I've had the opportunity over the past couple of years to work with a large customer of mine on a refresh of their entire infrastructure. Network management tools were one of the last pieces to be addressed as emphasis had been on legacy hardware first and the direction for management tools had not been established. This mini-series will highlight this company's journey and the problems solved, insights gained, as well as unresolved issues that still need addressing in the future. Hopefully this will help other companies or individuals going through the process. Topics will include discovery around types of tools, how they are being used, who uses them and for what purpose, their fit within the organization, and lastly what more they leave to be desired.

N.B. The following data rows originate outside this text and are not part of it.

lemma sum_terms_single:
  assumes "additive_in_coeff f"
  shows "sum_terms f (Poly_Mapping.single m c) = f m c"
  using assms by (cases "c = 0") (auto simp: sum_terms_def additive_in_coeff_def)

lemma sum_terms_sum:
  fixes f :: "'a \<Rightarrow> 'b::comm_monoid_add \<Rightarrow> 'c::comm_monoid_add"
  assumes "additive_in_coeff f"
  shows "sum_terms f (sum g A) = (\<Sum>a\<in>A. sum_terms f (g a))"
  by (induction A rule: infinite_finite_induct) (simp_all add: sum_terms_add[OF assms])

lemma sum_terms_single_eq: "sum_terms Poly_Mapping.single p = p"
proof (rule poly_mapping_eqI)
  fix k
  have "Poly_Mapping.lookup (sum_terms Poly_Mapping.single p) k
      = (\<Sum>m\<in>Poly_Mapping.keys p. Poly_Mapping.lookup p m when m = k)"
    by (simp add: sum_terms_def lookup_sum lookup_single)
  also have "\<dots> = Poly_Mapping.lookup p k"
    by (cases "k \<in> Poly_Mapping.keys p") (auto simp: when_def in_keys_iff)
  finally show "Poly_Mapping.lookup (sum_terms Poly_Mapping.single p) k = Poly_Mapping.lookup p k" .
qed

definition drop_vars :: "nat set \<Rightarrow> (nat \<Rightarrow>\<^sub>0 nat) \<Rightarrow> (nat \<Rightarrow>\<^sub>0 nat)" where
  "drop_vars U m = Poly_Mapping.mapp (\<lambda>v k. if v \<in> U then 0 else k) m"

lemma lookup_drop_vars:
  "Poly_Mapping.lookup (drop_vars U m) v = (if v \<in> U then 0 else Poly_Mapping.lookup m v)"
  by (auto simp: drop_vars_def lookup_mapp when_def in_keys_iff)

lemma drop_vars_add: "drop_vars U (m + m') = drop_vars U m + drop_vars U m'"
  by (rule poly_mapping_eqI) (simp add: lookup_drop_vars lookup_add)

definition specialise_term :: "nat set \<Rightarrow> nat set \<Rightarrow> (nat \<Rightarrow>\<^sub>0 nat) \<Rightarrow> complex \<Rightarrow> mpoly" where
  "specialise_term Z U m c =
     (if \<forall>v\<in>Z. Poly_Mapping.lookup m v = 0 then Poly_Mapping.single (drop_vars U m) c else 0)"

definition specialise :: "nat set \<Rightarrow> nat set \<Rightarrow> mpoly \<Rightarrow> mpoly" where
  "specialise Z U = sum_terms (specialise_term Z U)"

lemma additive_specialise_term: "additive_in_coeff (specialise_term Z U)"
  by (auto simp: additive_in_coeff_def specialise_term_def single_add)

lemma specialise_single: "specialise Z U (Poly_Mapping.single m c) = specialise_term Z U m c"
  by (simp add: specialise_def sum_terms_single[OF additive_specialise_term])

lemma specialise_term_add_mult:
  "specialise_term Z U (m + m') (c * c') = specialise_term Z U m c * specialise_term Z U m' c'"
  by (auto simp: specialise_term_def lookup_add drop_vars_add mult_single)

lemma specialise_mult: "specialise Z U (p * q) = specialise Z U p * specialise Z U q"
proof -
  let ?P = "Poly_Mapping.keys p" and ?Q = "Poly_Mapping.keys q"
  let ?a = "Poly_Mapping.lookup p" and ?b = "Poly_Mapping.lookup q"
  let ?\<phi> = "specialise_term Z U"
  have "p * q = (\<Sum>m\<in>?P. Poly_Mapping.single m (?a m)) * (\<Sum>m'\<in>?Q. Poly_Mapping.single m' (?b m'))"
    by (simp only: sum_terms_def[symmetric] sum_terms_single_eq)
  also have "\<dots> = (\<Sum>m\<in>?P. \<Sum>m'\<in>?Q. Poly_Mapping.single (m + m') (?a m * ?b m'))"
    by (simp add: sum_distrib_left sum_distrib_right mult_single sum.swap[of _ ?Q])
  finally have "specialise Z U (p * q) = (\<Sum>m\<in>?P. \<Sum>m'\<in>?Q. ?\<phi> m (?a m) * ?\<phi> m' (?b m'))"
    by (simp add: specialise_def sum_terms_sum[OF additive_specialise_term]
        sum_terms_single[OF additive_specialise_term] specialise_term_add_mult)
  also have "\<dots> = specialise Z U p * specialise Z U q"
    by (simp add: sum_product specialise_def sum_terms_def)
  finally show ?thesis .
qed

lemma specialise_one: "specialise Z U 1 = 1"
proof -
  have "drop_vars U 0 = 0"
    by (rule poly_mapping_eqI) (simp add: lookup_drop_vars)
  then show ?thesis
    using specialise_single[of Z U 0 1] by (simp add: specialise_term_def)
qed

interpretation specialise: comm_ring_hom "specialise Z U"
proof
  show "specialise Z U (p + q) = specialise Z U p + specialise Z U q" for p q
    by (simp add: specialise_def sum_terms_add[OF additive_specialise_term])
  show "specialise Z U (p * q) = specialise Z U p * specialise Z U q" for p q
    by (rule specialise_mult)
  show "specialise Z U 1 = 1"
    by (rule specialise_one)
  show "specialise Z U 0 = 0"
    by (simp add: specialise_def)
qed

lemma specialise_mvar:
  "specialise Z U (mvar v) = (if v \<in> Z then 0 else if v \<in> U then 1 else mvar v)"
proof -
  have "drop_vars U (Poly_Mapping.single v 1) = (if v \<in> U then 0 else Poly_Mapping.single v 1)"
    by (rule poly_mapping_eqI) (auto simp: lookup_drop_vars lookup_single when_def)
  then show ?thesis
    by (auto simp: mvar_def specialise_single specialise_term_def lookup_single when_def)
qed

lemma var_codes_inject [simp]:
  "vS k = vS l \<longleftrightarrow> k = l" "vT k = vT l \<longleftrightarrow> k = l"
  "vC i e r c = vC i' e' r' c' \<longleftrightarrow> i = i' \<and> e = e' \<and> r = r' \<and> c = c'"
  by (auto simp: vS_def vT_def vC_def list_encode_eq)

lemma var_codes_distinct [simp]:
  "vS k \<noteq> vT l" "vT l \<noteq> vS k" "vS k \<noteq> vX" "vT k \<noteq> vX"
  "vC i e r c \<noteq> vS k" "vC i e r c \<noteq> vT k" "vC i e r c \<noteq> vX"
  "vS k \<noteq> vC i e r c" "vT k \<noteq> vC i e r c" "vX \<noteq> vC i e r c"
  by (auto simp: vS_def vT_def vX_def vC_def)

definition coeff_st_term :: "nat \<Rightarrow> (nat \<Rightarrow> nat) \<Rightarrow> (nat \<Rightarrow> nat) \<Rightarrow> (nat \<Rightarrow>\<^sub>0 nat) \<Rightarrow> complex \<Rightarrow> mpoly" where
  "coeff_st_term d a b m c =
     (if \<forall>k\<in>{1..<d}. Poly_Mapping.lookup m (vS k) = a k \<and> Poly_Mapping.lookup m (vT k) = b k
      then Poly_Mapping.single (strip_st d m) c else 0)"

lemma coeff_st_eq_sum_terms: "coeff_st d p a b = sum_terms (coeff_st_term d a b) p"
  unfolding coeff_st_def sum_terms_def coeff_st_term_def ..

lemma additive_coeff_st_term: "additive_in_coeff (coeff_st_term d a b)"
  by (auto simp: additive_in_coeff_def coeff_st_term_def single_add)

lemma coeff_st_single: "coeff_st d (Poly_Mapping.single m c) a b = coeff_st_term d a b m c"
  by (simp add: coeff_st_eq_sum_terms sum_terms_single[OF additive_coeff_st_term])

interpretation coeff_st: additive "\<lambda>p. coeff_st d p a b"
  by standard (simp add: coeff_st_eq_sum_terms sum_terms_add[OF additive_coeff_st_term])

lemma lookup_strip_st:
  "Poly_Mapping.lookup (strip_st d m) v = (if v \<in> st_vars d then 0 else Poly_Mapping.lookup m v)"
proof -
  have "Poly_Mapping.lookup (strip_st d m) v =
      (\<Sum>u\<in>Poly_Mapping.keys m - st_vars d. Poly_Mapping.lookup m u when u = v)"
    by (simp add: strip_st_def lookup_sum lookup_single)
  also have "\<dots> = (if v \<in> st_vars d then 0 else Poly_Mapping.lookup m v)"
    by (cases "v \<in> Poly_Mapping.keys m - st_vars d") (auto simp: when_def in_keys_iff)
  finally show ?thesis .
qed

lemma specialise_coeff_st:
  assumes "Z \<inter> st_vars d = {}" "U \<inter> st_vars d = {}"
  shows "specialise Z U (coeff_st d p a b) = coeff_st d (specialise Z U p) a b"
proof -
  have st: "vS k \<in> st_vars d" "vT k \<in> st_vars d" if "k \<in> {1..<d}" for k
    using that by (auto simp: st_vars_def)
  have "(\<forall>v\<in>Z. Poly_Mapping.lookup (strip_st d m) v = 0) \<longleftrightarrow> (\<forall>v\<in>Z. Poly_Mapping.lookup m v = 0)" for m
    using assms(1) by (auto simp: lookup_strip_st)
  moreover have "Poly_Mapping.lookup (drop_vars U m) (vS k) = Poly_Mapping.lookup m (vS k)"
    "Poly_Mapping.lookup (drop_vars U m) (vT k) = Poly_Mapping.lookup m (vT k)" if "k \<in> {1..<d}" for m k
    using assms(2) st[OF that] by (auto simp: lookup_drop_vars)
  moreover have "strip_st d (drop_vars U m) = drop_vars U (strip_st d m)" for m
    by (rule poly_mapping_eqI) (simp add: lookup_strip_st lookup_drop_vars)
  ultimately have term_eq:
    "specialise Z U (coeff_st_term d a b m c) = coeff_st d (specialise_term Z U m c) a b" for m c
    by (simp add: specialise_single coeff_st_single coeff_st.zero coeff_st_term_def specialise_term_def)
  have "specialise Z U (coeff_st d p a b) =
      (\<Sum>m\<in>Poly_Mapping.keys p. specialise Z U (coeff_st_term d a b m (Poly_Mapping.lookup p m)))"
    by (simp add: coeff_st_eq_sum_terms sum_terms_def specialise.hom_sum)
  also have "\<dots> =
      (\<Sum>m\<in>Poly_Mapping.keys p. coeff_st d (specialise_term Z U m (Poly_Mapping.lookup p m)) a b)"
    by (simp only: term_eq)
  also have "\<dots> = coeff_st d (specialise Z U p) a b"
    by (simp add: coeff_st.sum specialise_def sum_terms_def)
  finally show ?thesis .
qed
(* Let $X\subset A^+$ be a finite set. Then $X$ is synchronized if and only if its degree $d(X)$ equals $1$.
   Context: A word $x\in A^*$ is synchronizing for $X$ if for all $u,v\in A^*$, $uxv\in X^*$ implies $ux\in X^*$ and $xv\in X^*$. $X$ is synchronized if there is a synchronizing word $x\in X^*$. The flower automaton of $X$ has states $\{(u,v)\in A^+\times A^+\mid uv\in X\}\cup\{\omega\}$, $\omega=(1,1)$ initial and terminal, and edges $(u,av)\xrightarrow{a}(ua,v)$ ($uav\in X$, $u,v\ne1$), $\omega\xrightarrow{a}(a,v)$ ($av\in X$, $v\ne1$), $(u,a)\xrightarrow{a}\omega$ ($ua\in X$, $u\ne1$), $\omega\xrightarrow{a}\omega$ ($a\in X$). For an automaton $\mathcal{A}$, $\varphi_\mathcal{A}(w)$ is the relation $\{(p,q)\mid$ there is a path $p\xrightarrow{w}q\}$. The rank of a relation $m$ on $Q$ is the least cardinality of a set $R$ with $m=uv$, $u\subseteq Q\times R$, $v\subseteq R\times Q$ (composition $uv=\{(p,q)\mid\exists r,(p,r)\in u,(r,q)\in v\}$). The degree $d(X)$ is the minimum rank of the nonempty relations in the monoid $\varphi_\mathcal{A}(A^* )$, where $\mathcal{A}$ is the flower automaton of $X$. *)

theory Defs
  imports Main
begin

text \<open>Words over an alphabet are lists; the alphabet is a set A of letters,
  A^* = lists A, A^+ = lists A - {[]}.\<close>

definition star :: "'a list set \<Rightarrow> 'a list set" where
  "star X = concat ` lists X"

Lean IT teams often do whatever they can to get by and my customer was no exception. One of the biggest challenges they had in approaching their network management strategy was to understand what they currently had. We had to work through the "day in the life" of a number of individuals to identify the core tools used, but were constantly surprised by new tools that would appear or were used so infrequently that the team would forget about them until a specific use case arose.
Open Source Tools
The team found open source tools to be of tremendous use, especially Netman and MRTG. These provided much needed visibility and the price was right given the lack of investment in monitoring tools at the time of deployment. The relatively complex nature of deployment of these tools did limit adoption and we found that often these tools lagged behind from a configuration standpoint. New equipment would be deployed without necessarily being integrated into the tool, likewise old equipment when replaced was not always removed from the tools. Lack of policy and discipline in a busy IT shop had effectively limited the effectiveness of these tools. This was further compounded by only a small subset of the team having access. Additionally, as an outside resource, I had no idea what "normal" was when looking at the tool (e.g. is that router down or has it been removed?).
Vendor Specific Tools
These tools are something most are familiar with products like Cisco's Prime Infrastructure, Aruba's Airwave, VMWare's vSphere Operations Management (VSOM), etc. Each of these tools had been deployed widely and would tend to be used by those who's job responsibility primarily covered the area managed by the tool, however others that could benefit from this tool very rarely used it if at all. These tools tend to be fairly expensive and offer many features that are typically not leveraged very well. Additionally, most of the tools have robust AAA capabilities that would enable them to be shared with help desk teams, etc. but these features had been overlooked by the team, despite having been properly configured for their own purposes.
Third Party Tools
Some investment had been made in third party tools, typically around a specific need. A good example of this would be the Kiwi Cat Tools for ease of device backups. While this functionality existed in other tools, the company wanted a single location for all device configuration files. The customer found that numerous tools existed, but it took the entire team to enumerate them and in a couple cases multiple instances of the same tool had been purchased for usage by different teams.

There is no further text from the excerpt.